DATA FOR THIS EXERCISE below:

lemma RH0_starlike_on_circle:
  assumes params: "0 \<le> lam" "lam < \<gamma>" "\<gamma> \<le> \<delta>" and RH: "in_RH0 \<gamma> \<delta> lam s t"
    and \<rho>: "0 < \<rho>" "\<rho> < 1" and cond: "(\<gamma> - lam) / (\<gamma> + \<delta>) * (1 / (1 - \<rho>)^2 - 1) < 1"
  shows "inj_on (\<lambda>z. s z + cnj (t z)) (sphere 0 \<rho>) \<and>
         (\<exists>D. open D \<and> connected D \<and> bounded D \<and> frontier D = (\<lambda>z. s z + cnj (t z)) ` sphere 0 \<rho> \<and>
              0 \<in> D \<and> (\<forall>w\<in>D. closed_segment 0 w \<subseteq> D))"
proof
  have s: "s holomorphic_on ball 0 1" and t: "t holomorphic_on ball 0 1"
    using RH by (auto simp: in_RH0_def)
  have pos: "0 < Re ((s z + cnj (t z)) / z) \<and> 0 < Re ((z * deriv s z - cnj (z * deriv t z)) / (s z + cnj (t z)))"
    if "norm z = \<rho>" for z
    using RH0_starlike_conditions[OF params RH cond that \<rho>] .
  have sgn_inj: "inj_on (sgn \<circ> (\<lambda>z. s z + cnj (t z))) (sphere 0 \<rho>)"
    using harmonic_sgn_inj_on_sphere[OF s t \<rho> pos] by (simp add: comp_def)
  then show "inj_on (\<lambda>z. s z + cnj (t z)) (sphere 0 \<rho>)"
    by (rule inj_on_imageI2)
  have "continuous_on (sphere 0 \<rho>) (\<lambda>z. s z + cnj (t z))"
    using s t \<rho> by (intro continuous_intros holomorphic_on_imp_continuous_on; auto intro: holomorphic_on_subset)
  moreover have "s z + cnj (t z) \<noteq> 0" if "z \<in> sphere 0 \<rho>" for z
    using pos[of z] that by auto
  ultimately show "\<exists>D. open D \<and> connected D \<and> bounded D \<and> frontier D = (\<lambda>z. s z + cnj (t z)) ` sphere 0 \<rho> \<and>
                      0 \<in> D \<and> (\<forall>w\<in>D. closed_segment 0 w \<subseteq> D)"
    using starlike_domain_of_sgn_inj[OF \<rho>(1) _ _ sgn_inj] by blast
qed

theorem theorem22:
  fixes \<gamma> \<delta> lam :: real and s t :: "complex \<Rightarrow> complex" and ps :: "real \<Rightarrow> real"
  assumes "0 \<le> lam" "lam < \<gamma>" "\<gamma> \<le> \<delta>"
    and "in_RH0 \<gamma> \<delta> lam s t"
    and "\<And>r. ps r = (\<delta> + 2*\<gamma> - lam) * r^2 + (-2*\<delta> - 4*\<gamma> + 2*lam) * r + \<delta> + \<gamma>"
  shows "(\<exists>!r. 0 < r \<and> r < 1 \<and> ps r = 0) \<and>
         (\<forall>r. 0 < r \<and> r < 1 \<and> ps r = 0 \<longrightarrow> fully_starlike_in (\<lambda>z. s z + cnj (t z)) r)"
proof -
  define r\<^sub>s where "r\<^sub>s = 1 - sqrt ((\<gamma> - lam) / (\<delta> + 2 * \<gamma> - lam))"
  have root: "0 < r \<and> r < 1 \<and> ps r = 0 \<longleftrightarrow> r = r\<^sub>s" for r
    unfolding r\<^sub>s_def assms(5) by (rule quadratic_root_in_unit_interval[OF assms(1-3)])
  have "inj_on (\<lambda>z. s z + cnj (t z)) (sphere 0 \<rho>) \<and>
        (\<exists>D. open D \<and> connected D \<and> bounded D \<and> frontier D = (\<lambda>z. s z + cnj (t z)) ` sphere 0 \<rho> \<and>
             0 \<in> D \<and> (\<forall>w\<in>D. closed_segment 0 w \<subseteq> D))" if "0 < \<rho>" "\<rho> < r\<^sub>s" for \<rho>
  proof (rule RH0_starlike_on_circle[OF assms(1-4) that(1)])
    show "\<rho> < 1"
      using that root[of r\<^sub>s] by simp
    show "(\<gamma> - lam) / (\<gamma> + \<delta>) * (1 / (1 - \<rho>)^2 - 1) < 1"
      using radius_condition_below_root[OF assms(1-3)] that unfolding r\<^sub>s_def by blast
  qed
  moreover have "s 0 + cnj (t 0) = 0"
    using assms(4) by (simp add: in_RH0_def)
  ultimately have "fully_starlike_in (\<lambda>z. s z + cnj (t z)) r\<^sub>s"
    by (simp add: fully_starlike_in_def)
  then show ?thesis
    using root by auto
qed

end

End of DATA FOR THIS EXERCISE.

INSTRUCTIONS FOR THE TASK →
Copy the lines above exactly, leaving every word as it is.

RESPONSE AREA →
lemma RH0_starlike_on_circle:
  assumes params: "0 \<le> lam" "lam < \<gamma>" "\<gamma> \<le> \<delta>" and RH: "in_RH0 \<gamma> \<delta> lam s t"
    and \<rho>: "0 < \<rho>" "\<rho> < 1" and cond: "(\<gamma> - lam) / (\<gamma> + \<delta>) * (1 / (1 - \<rho>)^2 - 1) < 1"
  shows "inj_on (\<lambda>z. s z + cnj (t z)) (sphere 0 \<rho>) \<and>
         (\<exists>D. open D \<and> connected D \<and> bounded D \<and> frontier D = (\<lambda>z. s z + cnj (t z)) ` sphere 0 \<rho> \<and>
              0 \<in> D \<and> (\<forall>w\<in>D. closed_segment 0 w \<subseteq> D))"
proof
  have s: "s holomorphic_on ball 0 1" and t: "t holomorphic_on ball 0 1"
    using RH by (auto simp: in_RH0_def)
  have pos: "0 < Re ((s z + cnj (t z)) / z) \<and> 0 < Re ((z * deriv s z - cnj (z * deriv t z)) / (s z + cnj (t z)))"
    if "norm z = \<rho>" for z
    using RH0_starlike_conditions[OF params RH cond that \<rho>] .
  have sgn_inj: "inj_on (sgn \<circ> (\<lambda>z. s z + cnj (t z))) (sphere 0 \<rho>)"
    using harmonic_sgn_inj_on_sphere[OF s t \<rho> pos] by (simp add: comp_def)
  then show "inj_on (\<lambda>z. s z + cnj (t z)) (sphere 0 \<rho>)"
    by (rule inj_on_imageI2)
  have "continuous_on (sphere 0 \<rho>) (\<lambda>z. s z + cnj (t z))"
    using s t \<rho> by (intro continuous_intros holomorphic_on_imp_continuous_on; auto intro: holomorphic_on_subset)
  moreover have "s z + cnj (t z) \<noteq> 0" if "z \<in> sphere 0 \<rho>" for z
    using pos[of z] that by auto
  ultimately show "\<exists>D. open D \<and> connected D \<and> bounded D \<and> frontier D = (\<lambda>z. s z + cnj (t z)) ` sphere 0 \<rho> \<and>
                      0 \<in> D \<and> (\<forall>w\<in>D. closed_segment 0 w \<subseteq> D)"
    using starlike_domain_of_sgn_inj[OF \<rho>(1) _ _ sgn_inj] by blast
qed

theorem theorem22:
  fixes \<gamma> \<delta> lam :: real and s t :: "complex \<Rightarrow> complex" and ps :: "real \<Rightarrow> real"
  assumes "0 \<le> lam" "lam < \<gamma>" "\<gamma> \<le> \<delta>"
    and "in_RH0 \<gamma> \<delta> lam s t"
    and "\<And>r. ps r = (\<delta> + 2*\<gamma> - lam) * r^2 + (-2*\<delta> - 4*\<gamma> + 2*lam) * r + \<delta> + \<gamma>"
  shows "(\<exists>!r. 0 < r \<and> r < 1 \<and> ps r = 0) \<and>
         (\<forall>r. 0 < r \<and> r < 1 \<and> ps r = 0 \<longrightarrow> fully_starlike_in (\<lambda>z. s z + cnj (t z)) r)"
proof -
  define r\<^sub>s where "r\<^sub>s = 1 - sqrt ((\<gamma> - lam) / (\<delta> + 2 * \<gamma> - lam))"
  have root: "0 < r \<and> r < 1 \<and> ps r = 0 \<longleftrightarrow> r = r\<^sub>s" for r
    unfolding r\<^sub>s_def assms(5) by (rule quadratic_root_in_unit_interval[OF assms(1-3)])
  have "inj_on (\<lambda>z. s z + cnj (t z)) (sphere 0 \<rho>) \<and>
        (\<exists>D. open D \<and> connected D \<and> bounded D \<and> frontier D = (\<lambda>z. s z + cnj (t z)) ` sphere 0 \<rho> \<and>
             0 \<in> D \<and> (\<forall>w\<in>D. closed_segment 0 w \<subseteq> D))" if "0 < \<rho>" "\<rho> < r\<^sub>s" for \<rho>
  proof (rule RH0_starlike_on_circle[OF assms(1-4) that(1)])
    show "\<rho> < 1"
      using that root[of r\<^sub>s] by simp
    show "(\<gamma> - lam) / (\<gamma> + \<delta>) * (1 / (1 - \<rho>)^2 - 1) < 1"
      using radius_condition_below_root[OF assms(1-3)] that unfolding r\<^sub>s_def by blast
  qed
  moreover have "s 0 + cnj (t 0) = 0"
    using assms(4) by (simp add: in_RH0_def)
  ultimately have "fully_starlike_in (\<lambda>z. s z + cnj (t z)) r\<^sub>s"
    by (simp add: fully_starlike_in_def)
  then show ?thesis
    using root by auto
qed

end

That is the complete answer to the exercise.